A pop-culture quiz: "Do you smell it? That smell? That kind of smelly smell? The smelly smell that smells . . . smelly?" A good number of children in the 2-to-11 range, as the Nielsen ratings group them, will know the smell. So will many of their parents, a fair number of college students, and assorted hipsters of indeterminate age who surfed or stumbled into the undersea universe of a yellow kitchen sponge and got hooked.

Spongebob squarepants new season sandy squirrel pictures image bikini bottomFor those who don't know, the sponge is SpongeBob SquarePants, the title character of the most popular cartoon on cable television. The "smell" was that of invading anchovy hordes — as detected by SpongeBob's boss, Mr. Krabs. He owns a restaurant where SpongeBob is a fry cook. Really.

For those, on the other hand, whose lives require fluency in Rugrats and Catdog, the fact that SpongeBob reels in 2 million children every night is a no-brainer. The show, which debuted on Nickelodeon three years ago and has since gobbled up the children's cable television market, is a loopy half-hour ride that youngsters clearly enjoy.

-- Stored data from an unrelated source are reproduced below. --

section \<open>Bounded functions are multipliers\<close>

lemma norm_circlepath_0: "0 \<le> r \<Longrightarrow> norm (circlepath 0 r t) = r"
  by (simp add: circlepath norm_mult)

lemma cnj_circlepath_0: "0 < r \<Longrightarrow> cnj (circlepath 0 r t) = of_real (r\<^sup>2) / circlepath 0 r t"
  using complex_norm_square[of "circlepath 0 r t"] norm_circlepath_0[of r t]
  by (auto simp: field_simps)

lemma circlepath_0_in_disc: "0 \<le> r \<Longrightarrow> r < 1 \<Longrightarrow> circlepath 0 r t \<in> ball 0 1"
  by (simp add: norm_circlepath_0)

lemma circlepath_integral_coeff:
  assumes "disc_series c g" "0 < r" "r < 1"
  shows "((\<lambda>t. g (circlepath 0 r t) / circlepath 0 r t ^ m) has_integral c m) {0..1}"
proof -
  have hol: "g holomorphic_on ball 0 1" by (rule disc_series_holomorphic[OF assms(1)])
  have "cball 0 r \<subseteq> ball (0::complex) 1" "ball 0 r \<subseteq> ball (0::complex) 1" using assms by auto
  then have "((\<lambda>u. g u / (u - 0) ^ Suc m) has_contour_integral (2 * pi * \<i>) / fact m * (deriv ^^ m) g 0)
           (circlepath 0 r)"
    by (intro Cauchy_has_contour_integral_higher_derivative_circlepath)
       (use assms(2) in \<open>auto intro: holomorphic_on_subset[OF hol]
          continuous_on_subset[OF holomorphic_on_imp_continuous_on[OF hol]]\<close>)
  also have "(2 * pi * \<i>) / fact m * (deriv ^^ m) g 0 = (2 * pi * \<i>) * c m"
    using disc_series_coeff[OF assms(1), of m] by simp
  finally have "((\<lambda>t. g (circlepath 0 r t) / (circlepath 0 r t - 0) ^ Suc m *
      vector_derivative (circlepath 0 r) (at t within {0..1})) has_integral (2 * pi * \<i>) * c m) {0..1}"
    unfolding has_contour_integral_def .
  also have "?this \<longleftrightarrow> ((\<lambda>t. (2 * pi * \<i>) * (g (circlepath 0 r t) / circlepath 0 r t ^ m))
      has_integral (2 * pi * \<i>) * c m) {0..1}"
  proof (rule has_integral_cong)
    fix t :: real assume "t \<in> {0..1}"
    then have "vector_derivative (circlepath 0 r) (at t within {0..1}) = 2 * pi * \<i> * circlepath 0 r t"
      using vector_derivative_circlepath01[of t 0 r] by (simp add: circlepath)
    moreover have "circlepath 0 r t \<noteq> 0" using norm_circlepath_0[of r t] assms(2) by auto
    ultimately show "g (circlepath 0 r t) / (circlepath 0 r t - 0) ^ Suc m *
        vector_derivative (circlepath 0 r) (at t within {0..1}) =
        (2 * pi * \<i>) * (g (circlepath 0 r t) / circlepath 0 r t ^ m)"
      by (simp add: field_simps)
  qed
  finally show ?thesis by (subst (asm) has_integral_mult_right_iff) auto
qed
lemma odd_ext_image: "odd_ext w ` {- int (length w) .. int (length w)} = signed_letters w"
proof
  show "odd_ext w ` {- int (length w) .. int (length w)} \<subseteq> signed_letters w"
  proof
    fix y assume "y \<in> odd_ext w ` {- int (length w) .. int (length w)}"
    then obtain d where "\<bar>d\<bar> \<le> int (length w)" "y = odd_ext w d" by force
    then show "y \<in> signed_letters w"
      by (cases rule: abs_le_int_cases) (auto simp: signed_letters_def)
  qed
  show "signed_letters w \<subseteq> odd_ext w ` {- int (length w) .. int (length w)}"
  proof
    fix y assume "y \<in> signed_letters w"
    then consider "y = 0" | j where "j < length w" "y = w ! j" | j where "j < length w" "y = - (w ! j)"
      unfolding signed_letters_def by (auto simp: in_set_conv_nth)
    then show "y \<in> odd_ext w ` {- int (length w) .. int (length w)}"
    proof cases
      case 1 then show ?thesis by (intro image_eqI[of _ _ 0]) auto
    next
      case 2 then show ?thesis by (intro image_eqI[of _ _ "1 + int j"]) auto
    next
      case 3 then show ?thesis by (intro image_eqI[of _ _ "- int j - 1"]) auto
    qed
  qed
qed

lemma signed_letters_subset: "set w \<subseteq> {- int n .. int n} \<Longrightarrow> signed_letters w \<subseteq> {- int n .. int n}"
  unfolding signed_letters_def by auto

lemma signed_letters_mono: "signed_letters w \<subseteq> signed_letters (w @ v)"
  unfolding signed_letters_def by auto

definition osb_word :: "nat \<Rightarrow> int list \<Rightarrow> bool" where
  "osb_word n w \<longleftrightarrow> set w \<subseteq> {- int n .. int n} \<and>
     (\<forall>e \<in> {1 .. int n}. \<exists>j < length w. w ! j = e \<and> (\<forall>i < j. \<bar>w ! i\<bar> < e))"

lemma osb_wordE:
  assumes "e \<in> {1 .. int n}" and "osb_word n w"
  obtains j where "j < length w" "w ! j = e" "\<forall>i < j. \<bar>w ! i\<bar> < e"
  using assms unfolding osb_word_def by blast

lemma osb_word_letters: "osb_word n w \<Longrightarrow> set w \<subseteq> {- int n .. int n}"
  unfolding osb_word_def by blast

lemma first_occurrences_ordered:
  fixes w :: "int list"
  assumes "w ! j = e" "\<forall>i < j. \<bar>w ! i\<bar> < e" and "w ! j' = e'" "\<forall>i < j'. \<bar>w ! i\<bar> < e'"
    and "0 < e" "e < e'"
  shows "j < j'"
proof (rule ccontr)
  assume "\<not> j < j'"
  moreover have "j \<noteq> j'" using assms(1,3,6) by auto
  ultimately have "j' < j" by simp
  then have "\<bar>w ! j'\<bar> < e" using assms(2) by blast
  then show False using assms(3,5,6) by simp
qed

lemma osb_word_0: "osb_word 0 w \<longleftrightarrow> set w \<subseteq> {0}"
  unfolding osb_word_def by auto

lemma osb_word_SucE:
  assumes w: "osb_word (Suc n) w"
  obtains v b where "w = v @ int (Suc n) # b" "osb_word n v" "set b \<subseteq> {- int (Suc n) .. int (Suc n)}"
proof -
  have "int (Suc n) \<in> {1 .. int (Suc n)}" by simp
  then obtain j where j: "j < length w" "w ! j = int (Suc n)" "\<forall>i < j. \<bar>w ! i\<bar> < int (Suc n)"
    using w by (rule osb_wordE)
  have "w = take j w @ int (Suc n) # drop (Suc j) w"
    using id_take_nth_drop[OF j(1)] j(2) by simp
  moreover have "osb_word n (take j w)"
    unfolding osb_word_def
  proof (intro conjI ballI)
    show "set (take j w) \<subseteq> {- int n .. int n}"
    proof
      fix x assume "x \<in> set (take j w)"
      then obtain i where "i < j" "x = w ! i" by (auto simp: in_set_conv_nth)
      then show "x \<in> {- int n .. int n}" using j(3) by fastforce
    qed
  next
    fix e assume e: "e \<in> {1 .. int n}"
    then have "e \<in> {1 .. int (Suc n)}" by auto
    then obtain j' where j': "j' < length w" "w ! j' = e" "\<forall>i < j'. \<bar>w ! i\<bar> < e"
      using w by (rule osb_wordE)
    have "j' < j" using first_occurrences_ordered[OF j'(2,3) j(2,3)] e by simp
    then show "\<exists>j' < length (take j w). take j w ! j' = e \<and> (\<forall>i < j'. \<bar>take j w ! i\<bar> < e)"
      using j' j(1) by (intro exI[of _ j']) auto
  qed
  moreover have "set (drop (Suc j) w) \<subseteq> {- int (Suc n) .. int (Suc n)}"
    using set_drop_subset[of "Suc j" w] osb_word_letters[OF w] by (rule order_trans)
  ultimately show thesis by (rule that)
qed

lemma osb_word_SucI:
  assumes v: "osb_word n v" and b: "set b \<subseteq> {- int (Suc n) .. int (Suc n)}"
  shows "osb_word (Suc n) (v @ int (Suc n) # b)"
  unfolding osb_word_def
proof (intro conjI ballI)
  show "set (v @ int (Suc n) # b) \<subseteq> {- int (Suc n) .. int (Suc n)}"
    using osb_word_letters[OF v] b by auto
next
  fix e assume e: "e \<in> {1 .. int (Suc n)}"
  show "\<exists>j < length (v @ int (Suc n) # b). (v @ int (Suc n) # b) ! j = e \<and>
          (\<forall>i < j. \<bar>(v @ int (Suc n) # b) ! i\<bar> < e)"
  proof (cases "e = int (Suc n)")
    case True
    have "\<bar>v ! i\<bar> < e" if "i < length v" for i
      using that osb_word_letters[OF v] True nth_mem[OF that] by fastforce
    then show ?thesis using True by (intro exI[of _ "length v"]) (auto simp: nth_append)
  next
    case False
    with e have "e \<in> {1 .. int n}" by auto
    then obtain j where "j < length v" "v ! j = e" "\<forall>i < j. \<bar>v ! i\<bar> < e"
      using v by (rule osb_wordE)
    then show ?thesis by (intro exI[of _ j]) (auto simp: nth_append)
  qed
qed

It also has been aggressively marketed. Young fans can strap on SpongeBob backpacks each morning and tuck into SpongeBob sheets every night.

But it's that other part of the audience — the nearly 5 million adults who also tune in every week (and who purchase millions of dollars worth of the merchandise for themselves) — that is elevating SpongeBob from child's confection to cult classic.